Arabic was the pre-eminent language of science for 1,000 years from the Baghdad translation movement in the mid-eighth century until the eighteenth century. Astronomer Edmond Halley (of Halley’s comet fame) translated mathematical works from Arabic into Latin. Muslims synthesised Hellenic and Indian mathematics to give birth to a type of mathematics we recognise today (today we use ‘Arabic numerals’ to study ‘Algebra’). Early Muslim scientists (al-Kindi (d. 873), Jabir b. Hayyan (d. c. 806–816) and Ibn al-Haytham (d. 1040)) invented the method of experimentation. Arabic knowledge has profoundly affected philosophy, mathematics, astronomy, physics, medicine, pharmacology, agriculture, and irrigation. Arabic knowledge is part of the story of the world.
The point here is not to illicit praise or recognition from the West, nor is it to deny the West credit for its achievements. It is to show that the West is historically and inextricably intertwined with the Arabic literary world. It is not some foreign entity. This makes Arabic a natural way to broaden the curriculum in Australia.
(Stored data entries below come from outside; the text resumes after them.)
lemma integral_lin_part_square:
  shows "integrable M (\<lambda>\<omega>. (lin_part (V \<omega>))\<^sup>2)"
    and "(\<integral>\<omega>. (lin_part (V \<omega>))\<^sup>2 \<partial>M)
      = (\<Sum>j<p. \<Sum>k<p. \<beta> j * \<beta> k * A_mat M V j k) - (tau2 M p V)\<^sup>2"
proof -
  let ?Y = "\<lambda>j \<omega>. \<beta> j * w_centered j (V \<omega>)"
  have YY: "?Y j \<omega> * ?Y k \<omega> = \<beta> j * \<beta> k * (w_centered j (V \<omega>) * w_centered k (V \<omega>))"
    for j k \<omega>
    by (simp add: ac_simps)
  have int: "integrable M (\<lambda>\<omega>. ?Y j \<omega> * ?Y k \<omega>)" if "j \<in> {..<p}" "k \<in> {..<p}" for j k
    unfolding YY using integrable_w_centered_mult that by simp
  note sum_sq =
    integral_sum_mult_sum[where I = "{..<p}" and K = "{..<p}" and Y = ?Y and Z = ?Y, OF int]
  show "integrable M (\<lambda>\<omega>. (lin_part (V \<omega>))\<^sup>2)"
    using sum_sq(1) by (simp add: lin_part_def power2_eq_square)
  have "(\<integral>\<omega>. (lin_part (V \<omega>))\<^sup>2 \<partial>M) = (\<Sum>j<p. \<Sum>k<p. \<integral>\<omega>. ?Y j \<omega> * ?Y k \<omega> \<partial>M)"
    using sum_sq(2) by (simp add: lin_part_def power2_eq_square)
  also have "\<dots> = (\<Sum>j<p. \<Sum>k<p. \<beta> j * \<beta> k * (A_mat M V j k - \<beta> j * \<beta> k))"
    by (intro sum.cong refl) (simp add: YY integral_w_centered_mult)
  also have "\<dots> = (\<Sum>j<p. \<Sum>k<p. \<beta> j * \<beta> k * A_mat M V j k) - (tau2 M p V)\<^sup>2"
    unfolding sum_sum_beta_mult_square[symmetric]
    by (simp add: right_diff_distrib sum_subtractf power2_eq_square)
  finally show "(\<integral>\<omega>. (lin_part (V \<omega>))\<^sup>2 \<partial>M)
      = (\<Sum>j<p. \<Sum>k<p. \<beta> j * \<beta> k * A_mat M V j k) - (tau2 M p V)\<^sup>2" .
qed

lemma integral_lin_part_square_le:
  "(\<integral>\<omega>. (lin_part (V \<omega>))\<^sup>2 \<partial>M) \<le> tau2 M p V * sqrt (A_frob2 M p V)"
  using integral_lin_part_square(2) zero_le_power2[of "tau2 M p V"]
    quadratic_form_le_frobenius[where b = \<beta> and I = "{..<p}" and A = "A_mat M V"]
  unfolding tau2_def A_frob2_def by linarith

definition cov_frob2 :: real where
  "cov_frob2 = (\<Sum>j<p. \<Sum>k<p. (A_mat M V j k - \<beta> j * \<beta> k)\<^sup>2)"

lemma cov_frob2_nonneg: "0 \<le> cov_frob2"
  by (simp add: cov_frob2_def sum_nonneg)

lemma cov_frob2_le: "cov_frob2 \<le> A_frob2 M p V"
proof -
  let ?q = "\<Sum>j<p. \<Sum>k<p. \<beta> j * \<beta> k * A_mat M V j k"
  have "cov_frob2 = A_frob2 M p V - 2 * ?q + (tau2 M p V)\<^sup>2"
    unfolding cov_frob2_def A_frob2_def sum_sum_beta_mult_square[symmetric]
    by (simp add: power2_diff sum.distrib sum_subtractf sum_distrib_left algebra_simps)
  moreover have "(tau2 M p V)\<^sup>2 \<le> ?q"
  proof -
    have "0 \<le> (\<integral>\<omega>. (lin_part (V \<omega>))\<^sup>2 \<partial>M)"
      by simp
    then show ?thesis
      using integral_lin_part_square(2) by simp
  qed
  ultimately show ?thesis
    using zero_le_power2[of "tau2 M p V"] by linarith
qed

lemma integral_lin_part_sample_mult:
  assumes "a < n" "c < n"
  shows "integrable M (\<lambda>\<omega>. lin_part (D a \<omega>) * lin_part (D c \<omega>))"
    and "(\<integral>\<omega>. lin_part (D a \<omega>) * lin_part (D c \<omega>) \<partial>M)
      = (if a = c then (\<integral>\<omega>. (lin_part (V \<omega>))\<^sup>2 \<partial>M) else 0)"
proof -
  have "integrable M (\<lambda>\<omega>. lin_part (D a \<omega>) * lin_part (D c \<omega>)) \<and>
    (\<integral>\<omega>. lin_part (D a \<omega>) * lin_part (D c \<omega>) \<partial>M)
      = (if a = c then (\<integral>\<omega>. (lin_part (V \<omega>))\<^sup>2 \<partial>M) else 0)"
  proof (cases "a = c")
    case True
    have meas: "(\<lambda>x. (lin_part x)\<^sup>2) \<in> borel_measurable (obs_space p)"
      by measurable
    from True show ?thesis
      using integrable_sample_iff[OF \<open>a < n\<close> meas] integral_sample_eq[OF \<open>a < n\<close> meas]
        integral_lin_part_square(1) by (simp add: power2_eq_square)
  next
    case False
    then have "lin_part (D a \<omega>) * lin_part (D c \<omega>) = (\<Prod>i\<in>{a, c}. lin_part (D i \<omega>))" for \<omega>
      by simp
    with False show ?thesis
      using integral_prod_sample[of "{a, c}" "\<lambda>_. lin_part"] assms
        integrable_lin_part integral_lin_part by simp
  qed
  then show "integrable M (\<lambda>\<omega>. lin_part (D a \<omega>) * lin_part (D c \<omega>))"
    and "(\<integral>\<omega>. lin_part (D a \<omega>) * lin_part (D c \<omega>) \<partial>M)
      = (if a = c then (\<integral>\<omega>. (lin_part (V \<omega>))\<^sup>2 \<partial>M) else 0)"
    by auto
qed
Conclusion: unshackling Arabic
In this article, we’ve argued that Arabic language teaching in Australia should focus more on the culture and global impact of Arabic than its utilitarian value. Studies in Australia, the US, and Scandinavia show that students of the Arabic language are more motivated by the culture and impact of the Arabic language. By focusing on the global, cosmopolitan and civilisation aspects of Arabic we can help diversify and decolonise the university curriculum. For this to happen, Australian universities and the government must put aside their prejudices about the role of Arabic, and other languages, within the tertiary education system. Establishing a Global Arabic Studies outlook will enrich university curricula and boost enrolments. This process should be guided by up-to-date studies on student motivation and the current state of Arabic programs.
If the university’s role is to cultivate critical thinking and produce engaged citizens, then no other language can provide the historical and temporal reach and theoretical depth of Arabic.